(TO DO): In the entries below, find each line bearing the string "forall" and copy it.

(EXTRACTED INFORMATION):
(* Let $G=(V,w)$ be a weighted graph, let $Z\in\mathcal{M}(G)$ be a crossless non-star minimum cut with shores $X_0$, $X_1=V\setminus X_0$, and let $\{G_0,G_1\}=\mathrm{sep}(G,Z)$. Then $\mathrm{cdim}(G)\le\mathrm{cdim}(G_0)+\mathrm{cdim}(G_1)-1$, and if $Z$ is connected then equality holds.
   Context: A weighted graph $G=(V,w)$ has nonnegative weights on unordered pairs of distinct vertices; its edge set is $E=\{e:w(e)>0\}$. For $\emptyset\ne X\subsetneq V$, $\Delta(X)$ is the set of edges with exactly one endpoint in $X$ (a cut with shores $X$, $V\setminus X$). A cut is a star cut if one shore is a single vertex, otherwise non-star. $\mathcal{M}(G)$ is the set of minimum-weight cuts; $\chi(S)$ is the characteristic vector of $S$ indexed by the edges; $\mathrm{cdim}(G)=\dim\,\mathrm{span}\{\chi(S):S\in\mathcal{M}(G)\}$. Sets $X,Y$ cross if $X\cap Y$, $X\setminus Y$, $Y\setminus X$, $V\setminus(X\cup Y)$ are all nonempty; cuts cross if their shores cross; a mincut is crossless if no other mincut crosses it. A cut $S$ is connected if the unweighted graph whose vertices are the endpoints of edges of $S$ and whose edge set is $S$ is connected. The separation $\mathrm{sep}(G,Z)$ is the pair $G_b=(X_b\cup\{v_{1-b}\},w_b)$, $b\in\{0,1\}$, with new vertices $v_0,v_1$, $w_b(\{x,y\})=w(\{x,y\})$ for $x,y\in X_b$ and $w_b(\{x,v_{1-b}\})=\sum_{y\in X_{1-b}}w(\{x,y\})$ for $x\in X_b$. *)

theory Defs
  imports "HOL-Analysis.Analysis" "HOL-Library.Function_Algebras"
begin

definition weighted_graph :: "'v set \<Rightarrow> ('v set \<Rightarrow> real) \<Rightarrow> bool" where
  "weighted_graph V w \<longleftrightarrow> finite V \<and> (\<forall>x\<in>V. \<forall>y\<in>V. x \<noteq> y \<longrightarrow> w {x, y} \<ge> 0)"

definition edges :: "'v set \<Rightarrow> ('v set \<Rightarrow> real) \<Rightarrow> 'v set set" where
  "edges V w = {e. \<exists>x\<in>V. \<exists>y\<in>V. x \<noteq> y \<and> e = {x, y} \<and> w e > 0}"

definition cut :: "'v set \<Rightarrow> ('v set \<Rightarrow> real) \<Rightarrow> 'v set \<Rightarrow> 'v set set" where
  "cut V w X = {e \<in> edges V w. card (e \<inter> X) = 1}"

definition is_shore :: "'v set \<Rightarrow> 'v set \<Rightarrow> bool" where
  "is_shore V X \<longleftrightarrow> X \<noteq> {} \<and> X \<subset> V"

definition cut_weight :: "('v set \<Rightarrow> real) \<Rightarrow> 'v set set \<Rightarrow> real" where
  "cut_weight w S = (\<Sum>e\<in>S. w e)"

definition mincuts :: "'v set \<Rightarrow> ('v set \<Rightarrow> real) \<Rightarrow> 'v set set set" where
  "mincuts V w = {cut V w X | X. is_shore V X \<and>
      (\<forall>Y. is_shore V Y \<longrightarrow> cut_weight w (cut V w X) \<le> cut_weight w (cut V w Y))}"

definition chi :: "'v set set \<Rightarrow> 'v set \<Rightarrow> real" where
  "chi S = indicator S"

definition cdim :: "'v set \<Rightarrow> ('v set \<Rightarrow> real) \<Rightarrow> nat" where
  "cdim V w = vector_space.dim (\<lambda>(c::real) (f::'v set \<Rightarrow> real). (\<lambda>e. c * f e)) (chi ` mincuts V w)"

definition crosses :: "'v set \<Rightarrow> 'v set \<Rightarrow> 'v set \<Rightarrow> bool" where
  "crosses V X Y \<longleftrightarrow> X \<inter> Y \<noteq> {} \<and> X - Y \<noteq> {} \<and> Y - X \<noteq> {} \<and> V - (X \<union> Y) \<noteq> {}"

definition crossless :: "'v set \<Rightarrow> ('v set \<Rightarrow> real) \<Rightarrow> 'v set \<Rightarrow> bool" where
  "crossless V w X \<longleftrightarrow> (\<forall>Y. is_shore V Y \<and> cut V w Y \<in> mincuts V w \<longrightarrow> \<not> crosses V X Y)"

definition star_cut :: "'v set \<Rightarrow> ('v set \<Rightarrow> real) \<Rightarrow> 'v set set \<Rightarrow> bool" where
  "star_cut V w S \<longleftrightarrow> (\<exists>X. is_shore V X \<and> S = cut V w X \<and> (card X = 1 \<or> card (V - X) = 1))"

definition edge_rel :: "'v set set \<Rightarrow> ('v \<times> 'v) set" where
  "edge_rel S = {(x, y). {x, y} \<in> S}"

definition connected_edges :: "'v set set \<Rightarrow> bool" where
  "connected_edges S \<longleftrightarrow> (\<forall>x\<in>\<Union>S. \<forall>y\<in>\<Union>S. (x, y) \<in> (edge_rel S)\<^sup>*)"

definition connected_graph :: "'v set \<Rightarrow> ('v set \<Rightarrow> real) \<Rightarrow> bool" where
  "connected_graph V w \<longleftrightarrow> (\<forall>x\<in>V. \<forall>y\<in>V. (x, y) \<in> (edge_rel (edges V w))\<^sup>*)"

text \<open>Separation: G_b has vertex set X_b plus a new vertex (here None) standing for
  the contracted other shore Y = X_(1-b).\<close>
definition sep_V :: "'v set \<Rightarrow> 'v option set" where
  "sep_V X = Some ` X \<union> {None}"

definition sep_w :: "('v set \<Rightarrow> real) \<Rightarrow> 'v set \<Rightarrow> 'v set \<Rightarrow> 'v option set \<Rightarrow> real" where
  "sep_w w X Y e =
     (if None \<notin> e then w (the ` e)
      else (\<Sum>x\<in>X. if e = {Some x, None} then (\<Sum>y\<in>Y. w {x, y}) else 0))"

end

theory Submission
  imports Defs
begin

(*
  By crosslessness, every minimum cut of G has a shore inside X0 or inside X1 = V - X0, and the
  minimum cuts with a shore inside X_b are exactly the minimum cuts of G_b, read back in G.
  Pulling edge functions of G_b back along the contraction of X_(1-b) to the new vertex is linear
  and injective on functions supported on the edges of G_b, so cdim G_b is the dimension of the
  span of the minimum cuts of G with a shore in X_b. Both spans contain chi Z, which is counted
  twice; this gives the inequality. If Z is connected, the two spans meet only in the multiples of
  chi Z: a common element vanishes off Z and takes equal values on cut edges sharing an
  endpoint, on either side, hence is constant on Z.
*)

context vector_space
begin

(OUTPUT OF THE EXERCISE):
  "weighted_graph V w \<longleftrightarrow> finite V \<and> (\<forall>x\<in>V. \<forall>y\<in>V. x \<noteq> y \<longrightarrow> w {x, y} \<ge> 0)"
      (\<forall>Y. is_shore V Y \<longrightarrow> cut_weight w (cut V w X) \<le> cut_weight w (cut V w Y))}"
  "crossless V w X \<longleftrightarrow> (\<forall>Y. is_shore V Y \<and> cut V w Y \<in> mincuts V w \<longrightarrow> \<not> crosses V X Y)"
  "connected_edges S \<longleftrightarrow> (\<forall>x\<in>\<Union>S. \<forall>y\<in>\<Union>S. (x, y) \<in> (edge_rel S)\<^sup>*)"
  "connected_graph V w \<longleftrightarrow> (\<forall>x\<in>V. \<forall>y\<in>V. (x, y) \<in> (edge_rel (edges V w))\<^sup>*)"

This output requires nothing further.